To further test whether diffusion through the bulk solution limits the growth kinetics, PbS syntheses were performed in several n-alkane solvents (C8 to C20), whose viscosity varies from 0.24 to 1.41 N m s−2 at 100 °C.29 The viscosity increase causes a small reduction (∼25%) in kUV-Visobs and slightly reduces the final nanocrystal size (Fig. S19). If the growth is limited by diffusion under these conditions, the seven-fold increase in viscosity should cause an approximately seven-fold decrease in the diffusion coefficient and a corresponding increase in the nanocrystal volume. As seen in Fig. S19, the increase in solvent viscosity slightly decreases the final size, contrary to this prediction. Instead, the increased viscosity correlates with a slight increase in the growth rate. These observations are inconsistent with a growth process that is limited by diffusion through bulk solution. Thus, another mechanism is required to explain the size dependence of the growth rate.

Each of the microscopic steps during the surface reaction may depend on the nanoparticle size, including ligand penetration, surface binding, migration, and facet nucleation. Any or all of these steps could be influenced by size dependent structures, such as: (1) strain,30,31 ligand coverage and binding strength,32,33 and the ratio of atoms on corners, edges, and facets, (2) transitions between magic sizes with kinetics that are governed by 2D facet nucleation,34 and (3) attachment kinetics that are limited by penetration of a surfactant ligand layer, among others.

Mechanisms (2) and (3) are amenable to simple phenomenological models based on the nanoparticle size and geometry. The central idea in mechanism (2), for example, is that nanocrystal shapes with completed facets constitute highly stable magic clusters.34 Each facet represents a confined region where 2D-nucleation and growth must occur to make the transition to the next size. Models suggest that the transitions from one magic cluster size to the next become more difficult as the nanoparticle grows larger.35 It is not yet clear whether the magic cluster mechanisms are important for quasi-spherical metal chalcogenide nanocrystals.

Here we elaborate on model (3), i.e. attachment limited by penetration of the surfactant ligand shell.
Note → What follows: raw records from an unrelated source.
(* For every $n\ge3$ and $d=\binom n2$ there is a $d$-dimensional $0/1$-polytope in $\mathbb{R}^d$ that is $3$-neighborly (every three distinct vertices span a triangular face) and has more than $2^{\sqrt{2d}-1/2}$ vertices.
   Context: A $0/1$-polytope is the convex hull of a subset of $\{0,1\}^d$. *)

theory Defs
  imports "HOL-Analysis.Analysis"
begin

definition zero_one_points :: "(real^'d) set" where
  "zero_one_points = {x. \<forall>i. x $ i = 0 \<or> x $ i = 1}"

definition zero_one_polytope :: "(real^'d) set \<Rightarrow> bool" where
  "zero_one_polytope P \<longleftrightarrow> (\<exists>V. V \<subseteq> zero_one_points \<and> P = convex hull V)"

definition vertices_of :: "'a::real_vector set \<Rightarrow> 'a set" where
  "vertices_of P = {v. v extreme_point_of P}"

definition three_neighborly :: "'a::real_vector set \<Rightarrow> bool" where
  "three_neighborly P \<longleftrightarrow>
     (\<forall>u v w. u \<in> vertices_of P \<and> v \<in> vertices_of P \<and> w \<in> vertices_of P \<and>
        u \<noteq> v \<and> u \<noteq> w \<and> v \<noteq> w \<longrightarrow> convex hull {u, v, w} face_of P)"

end

theory Submission
  imports Defs
begin
lemma doubly_stochastic_balanced_direction:
  assumes X: "X \<in> doubly_stochastic" and "fractional X i0 j0"
  obtains D :: "real^'n::finite^'n"
  where "D \<noteq> 0" "\<And>i. (\<Sum>j\<in>UNIV. D $ i $ j) = 0" "\<And>j. (\<Sum>i\<in>UNIV. D $ i $ j) = 0"
    "\<And>i j. D $ i $ j \<noteq> 0 \<Longrightarrow> 0 < X $ i $ j"
proof -
  obtain I J :: "nat \<Rightarrow> 'n" where walk:
    "\<And>t. fractional X (I t) (J (Suc t))" "\<And>t. fractional X (I (Suc t)) (J (Suc t))"
    "\<And>t. I (Suc t) \<noteq> I t" "\<And>t. J (Suc t) \<noteq> J t"
    using fractional_walk[OF assms] by blast
  obtain a b where ab: "a < b" "I a = I b" "inj_on I {a..<b}"
    using exists_first_repetition by blast
  have "0 < X $ i $ j" if "cycle_matrix I J a b $ i $ j \<noteq> 0" for i j
    using cycle_matrix_nonzero_entry[OF that] walk(1,2) unfolding fractional_def by blast
  with ab walk(3,4) show ?thesis
    by (intro that[of "cycle_matrix I J a b"] cycle_matrix_nonzero cycle_matrix_row_sum
        cycle_matrix_col_sum) auto
qed

lemma doubly_stochastic_two_sided_step:
  fixes X D :: "real^'n^'n"
  assumes X: "X \<in> doubly_stochastic"
    and rows: "\<And>i. (\<Sum>j\<in>UNIV. D $ i $ j) = 0" and cols: "\<And>j. (\<Sum>i\<in>UNIV. D $ i $ j) = 0"
    and supp: "\<And>i j. D $ i $ j \<noteq> 0 \<Longrightarrow> 0 < X $ i $ j"
  obtains \<tau> where "0 < \<tau>" "X + \<tau> *\<^sub>R D \<in> doubly_stochastic" "X - \<tau> *\<^sub>R D \<in> doubly_stochastic"
proof -
  have small: "\<forall>\<^sub>F \<tau> in at_right 0. \<tau> * \<bar>D $ i $ j\<bar> \<le> X $ i $ j" for i j
  proof (cases "D $ i $ j = 0")
    case True
    then show ?thesis using doubly_stochastic_nonneg[OF X] by simp
  next
    case False
    have "((\<lambda>\<tau>. \<tau> * \<bar>D $ i $ j\<bar>) \<longlongrightarrow> 0 * \<bar>D $ i $ j\<bar>) (at_right 0)"
      by (intro tendsto_intros)
    then have "\<forall>\<^sub>F \<tau> in at_right 0. \<tau> * \<bar>D $ i $ j\<bar> < X $ i $ j"
      using supp[OF False] by (intro order_tendstoD(2)) auto
    then show ?thesis by eventually_elim simp
  qed
  have "\<forall>\<^sub>F \<tau> in at_right 0. \<forall>i j. \<tau> * \<bar>D $ i $ j\<bar> \<le> X $ i $ j"
    by (intro eventually_all_finite small)
  moreover have "\<forall>\<^sub>F \<tau> in at_right (0::real). 0 < \<tau>"
    by (rule eventually_at_right_less)
  ultimately have "\<forall>\<^sub>F \<tau> in at_right (0::real). 0 < \<tau> \<and> (\<forall>i j. \<tau> * \<bar>D $ i $ j\<bar> \<le> X $ i $ j)"
    by eventually_elim blast
  then obtain \<tau> where \<tau>: "0 < \<tau>" "\<And>i j. \<tau> * \<bar>D $ i $ j\<bar> \<le> X $ i $ j"
    using eventually_happens'[OF trivial_limit_at_right_real] by blast
  have abs_le: "\<bar>\<tau> * D $ i $ j\<bar> \<le> X $ i $ j" for i j
    using \<tau> by (simp add: abs_mult)
  have nonneg: "0 \<le> X $ i $ j + \<tau> * D $ i $ j" "0 \<le> X $ i $ j + (- \<tau>) * D $ i $ j" for i j
    using abs_le[of i j] by (simp_all add: abs_le_iff)
  have member: "X + c *\<^sub>R D \<in> doubly_stochastic" if "\<And>i j. 0 \<le> X $ i $ j + c * D $ i $ j" for c
    using that doubly_stochastic_row_sum[OF X] doubly_stochastic_col_sum[OF X] rows cols
    unfolding doubly_stochastic_def by (simp add: sum.distrib sum_distrib_left[symmetric])
  have "X + \<tau> *\<^sub>R D \<in> doubly_stochastic" "X + (- \<tau>) *\<^sub>R D \<in> doubly_stochastic"
    using member nonneg by blast+
  with \<tau>(1) that show ?thesis by simp
qed
(* Let $\mathbb{F}$ be a field with $\mathrm{char}(\mathbb{F})\neq 2,3$, let $k\in\mathbb{N}$ and $\beta_3,\dots,\beta_{3k}\in\mathbb{F}$ with $\beta_{3k}\neq0$, and let $x=\sum_{j=1}^k\beta_{3j}p_{\bar1,3j}$. Then the ideal $I=(x)$ of $\hat{\mathcal{H}}$ generated by $x$ has basis $$x,\quad x^{\tau_0},\quad s_ix,\quad (s_ix)^{\tau_0}\qquad (i\in3\mathbb{N}).$$
   Context: Notation: $\mathbb{N}=\{1,2,3,\dots\}$, $3\mathbb{N}=\{3,6,9,\dots\}$; for $r\in\mathbb{Z}$, $\bar r=r+3\mathbb{Z}\in\mathbb{Z}_3$. The algebra $\hat{\mathcal{H}}$ is the commutative $\mathbb{F}$-algebra with basis $\{a_i:i\in\mathbb{Z}\}\cup\{s_j:j\in\mathbb{N}\}\cup\{p_{\bar r,k}:\bar r\in\{\bar1,\bar2\},\ k\in 3\mathbb{N}\}$, where $s_0=0$, $p_{\bar r,j}=0$ for all $\bar r$ whenever $j\notin 3\mathbb{N}$, $p_{\bar 0,j}=-p_{\bar1,j}-p_{\bar2,j}$, $z_{\bar r,j}=p_{\bar r+\bar1,j}-p_{\bar r-\bar1,j}$, and for $i,i'\in\mathbb{Z}$, $j,l\in\mathbb{N}$, $h,k\in3\mathbb{N}$, $\bar r,\bar t\in\mathbb{Z}_3$: (H1) $a_ia_{i'}=\tfrac12(a_i+a_{i'})+s_{|i-i'|}+z_{\bar\imath,|i-i'|}$; (H2) $a_is_j=-\tfrac34a_i+\tfrac38(a_{i-j}+a_{i+j})+\tfrac32 s_j-z_{\bar\imath,j}$; (H3) $a_ip_{\bar r,k}=\tfrac32p_{\bar r,k}-p_{-(\bar\imath+\bar r),k}$; (H4) $s_js_l=\tfrac34(s_j+s_l)-\tfrac38(s_{|j-l|}+s_{j+l})$; (H5) $s_jp_{\bar r,k}=\tfrac34(p_{\bar r,j}+p_{\bar r,k})-\tfrac38(p_{\bar r,|j-k|}+p_{\bar r,j+k})$; (H6) $p_{\bar r,h}p_{\bar t,k}=\tfrac14(z_{-(\bar r+\bar t),h}+z_{-(\bar r+\bar t),k})-\tfrac18(z_{-(\bar r+\bar t),|h-k|}+z_{-(\bar r+\bar t),h+k})$. $\tau_0$ denotes the automorphism of $\hat{\mathcal{H}}$ given by $a_i\mapsto a_{-i}$, $s_j\mapsto s_j$, $p_{\bar r,k}\mapsto -p_{-\bar r,k}$, and $y^{\tau_0}$ is the image of $y$. *)

theory Defs
  imports Main "HOL-Library.Function_Algebras"
begin

text \<open>Basis indices of the algebra H-hat:
  A i  ~ a_i (i in Z);  S j ~ s_j (j >= 1);  P True k ~ p_{1,k}, P False k ~ p_{2,k} (k in 3N).\<close>

datatype hidx = A int | S nat | P bool nat

fun hvalid :: "hidx \<Rightarrow> bool" where
  "hvalid (A i) = True"
| "hvalid (S j) = (0 < j)"
| "hvalid (P r k) = (0 < k \<and> 3 dvd k)"

type_synonym 'a hvec = "hidx \<Rightarrow> 'a"

definition hsupp :: "'a::zero hvec \<Rightarrow> hidx set" where
  "hsupp v = {b. v b \<noteq> 0}"

definition Hcarrier :: "'a::field hvec set" where
  "Hcarrier = {v. finite (hsupp v) \<and> (\<forall>b\<in>hsupp v. hvalid b)}"

definition sc :: "'a::field \<Rightarrow> 'a hvec \<Rightarrow> 'a hvec" where
  "sc c v = (\<lambda>b. c * v b)"

definition ev :: "hidx \<Rightarrow> 'a::field hvec" where
  "ev b = (\<lambda>c. if c = b then 1 else 0)"

definition av :: "int \<Rightarrow> 'a::field hvec" where
  "av i = ev (A i)"

definition sv :: "nat \<Rightarrow> 'a::field hvec" where
  "sv j = (if j = 0 then 0 else ev (S j))"

definition pv :: "int \<Rightarrow> nat \<Rightarrow> 'a::field hvec" where
  "pv r j = (if j = 0 \<or> \<not> 3 dvd j then 0
             else if r mod 3 = 1 then ev (P True j)
             else if r mod 3 = 2 then ev (P False j)
             else - ev (P True j) - ev (P False j))"

definition zv :: "int \<Rightarrow> nat \<Rightarrow> 'a::field hvec" where
  "zv r j = pv (r + 1) j - pv (r - 1) j"

fun rr :: "bool \<Rightarrow> int" where
  "rr True = 1" | "rr False = 2"

definition prodAS :: "int \<Rightarrow> nat \<Rightarrow> 'a::field hvec" where
  "prodAS i j = sc (-3/4) (av i) + sc (3/8) (av (i - int j) + av (i + int j))
                + sc (3/2) (sv j) - zv i j"

definition prodAP :: "int \<Rightarrow> bool \<Rightarrow> nat \<Rightarrow> 'a::field hvec" where
  "prodAP i r k = sc (3/2) (pv (rr r) k) - pv (- (i + rr r)) k"

definition prodSP :: "nat \<Rightarrow> bool \<Rightarrow> nat \<Rightarrow> 'a::field hvec" where
  "prodSP j r k = sc (3/4) (pv (rr r) j + pv (rr r) k)
                  - sc (3/8) (pv (rr r) (nat \<bar>int j - int k\<bar>) + pv (rr r) (j + k))"

fun bprod :: "hidx \<Rightarrow> hidx \<Rightarrow> 'a::field hvec" where
  "bprod (A i) (A i') = sc (1/2) (av i + av i') + sv (nat \<bar>i - i'\<bar>) + zv i (nat \<bar>i - i'\<bar>)"
| "bprod (A i) (S j) = prodAS i j"
| "bprod (S j) (A i) = prodAS i j"
| "bprod (A i) (P r k) = prodAP i r k"
| "bprod (P r k) (A i) = prodAP i r k"
| "bprod (S j) (S l) = sc (3/4) (sv j + sv l) - sc (3/8) (sv (nat \<bar>int j - int l\<bar>) + sv (j + l))"
| "bprod (S j) (P r k) = prodSP j r k"
| "bprod (P r k) (S j) = prodSP j r k"
| "bprod (P r h) (P t k) =
     sc (1/4) (zv (- (rr r + rr t)) h + zv (- (rr r + rr t)) k)
     - sc (1/8) (zv (- (rr r + rr t)) (nat \<bar>int h - int k\<bar>) + zv (- (rr r + rr t)) (h + k))"

definition hmult :: "'a::field hvec \<Rightarrow> 'a hvec \<Rightarrow> 'a hvec" where
  "hmult u v = (\<lambda>c. \<Sum>b\<in>hsupp u. \<Sum>d\<in>hsupp v. u b * v d * bprod b d c)"

text \<open>The automorphism tau_0: a_i -> a_{-i}, s_j -> s_j, p_{r,k} -> - p_{-r,k}.\<close>
definition tau0 :: "'a::field hvec \<Rightarrow> 'a hvec" where
  "tau0 v = (\<lambda>b. case b of A i \<Rightarrow> v (A (- i)) | S j \<Rightarrow> v (S j) | P r k \<Rightarrow> - v (P (\<not> r) k))"
text \<open>Given the realised actions A t j (arm played by agent j in
  round t) and rewards Y t j, dts_q N W A Y \<eta> q0 n i k is the density q^{(i)}_{k,n+1}
  (index shift: n = 0 is round 1).\<close>
fun dts_q :: "nat \<Rightarrow> (nat \<Rightarrow> nat \<Rightarrow> real) \<Rightarrow> (nat \<Rightarrow> nat \<Rightarrow> nat) \<Rightarrow> (nat \<Rightarrow> nat \<Rightarrow> real)
              \<Rightarrow> real \<Rightarrow> (real \<Rightarrow> real) \<Rightarrow> nat \<Rightarrow> nat \<Rightarrow> nat \<Rightarrow> real \<Rightarrow> real" where
  "dts_q N W A Y \<eta> q0 0 i k = q0"
| "dts_q N W A Y \<eta> q0 (Suc n) i k =
     (let qt = (\<lambda>j. if A (Suc n) j = k
                     then normalize01 (\<lambda>\<theta>. dts_q N W A Y \<eta> q0 n j k \<theta> * bern_lik \<theta> (Y (Suc n) j) powr \<eta>)
                     else dts_q N W A Y \<eta> q0 n j k)
      in normalize01 (\<lambda>\<theta>. exp (\<Sum>j<N. W i j * ln (qt j \<theta>))))"

definition dts_density where
  "dts_density N W A Y \<eta> q0 t i k = dts_q N W A Y \<eta> q0 (t - 1) i k"

end

theory Submission imports Defs begin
We construct a model based on three key assumptions: (i) that PbS units in the bulk solution diffuse to the outer edge of the ligand shell with negligible resistance, (ii) that the ligand shell has approximately uniform thickness around the nanoparticle, and (iii) those PbS units that penetrate to the inner edge of the shell are immediately incorporated into the PbS nanoparticle. According to this mechanism, the key parameters that control the attachment rate are the thickness of the oleate ligand shell, the partition coefficient of PbS to the oleate ligand shell from the bulk solution, and the effective diffusivity of PbS through the ligand layer. The predicted growth rate is

 
G = vmCsolute(t)DshellK(r + l)/(rl)(2)
here l is the ligand shell thickness, v is the molar volume of solid PbS, K is the partition coefficient of PbS from bulk solution to the ligand shell, and Dshell is the diffusivity of PbS through the ligand shell. The derivation of this equation can be found in the ESI. Fig. S17 shows how our assumptions determine boundary conditions on the PbS concentration at the inner and outer edges of the ligand shell.

For large radii (where rl), the growth rate becomes proportional to the ligand shell permeability (G = vmCsolute(t)DshellK/l). At small sizes (l > r) the growth rate approaches vmDshellKCsolute(t)/r. Note that the oleate ligand shell thickness is about 2 nm, which is similar to the diameter of nanocrystals produced during the nucleation period shown in Fig. 3 and 4. In our calculations, v and l are known quantities, and Csolute(t) was experimentally determined as described above. Only the distribution of radii (r) is being predicted and DshellK is a fitting parameter. Fig. 5 shows that the model based on eqn (2) accurately predicts the experimental mean radius and polydispersity data across all three precursors using a narrow range of the lumped adjustable parameter DshellK. The ability to fit our results using a single parameter across a factor of two in solute supply kinetics highlights the reproducibility of our reaction conditions and the reliability of our model.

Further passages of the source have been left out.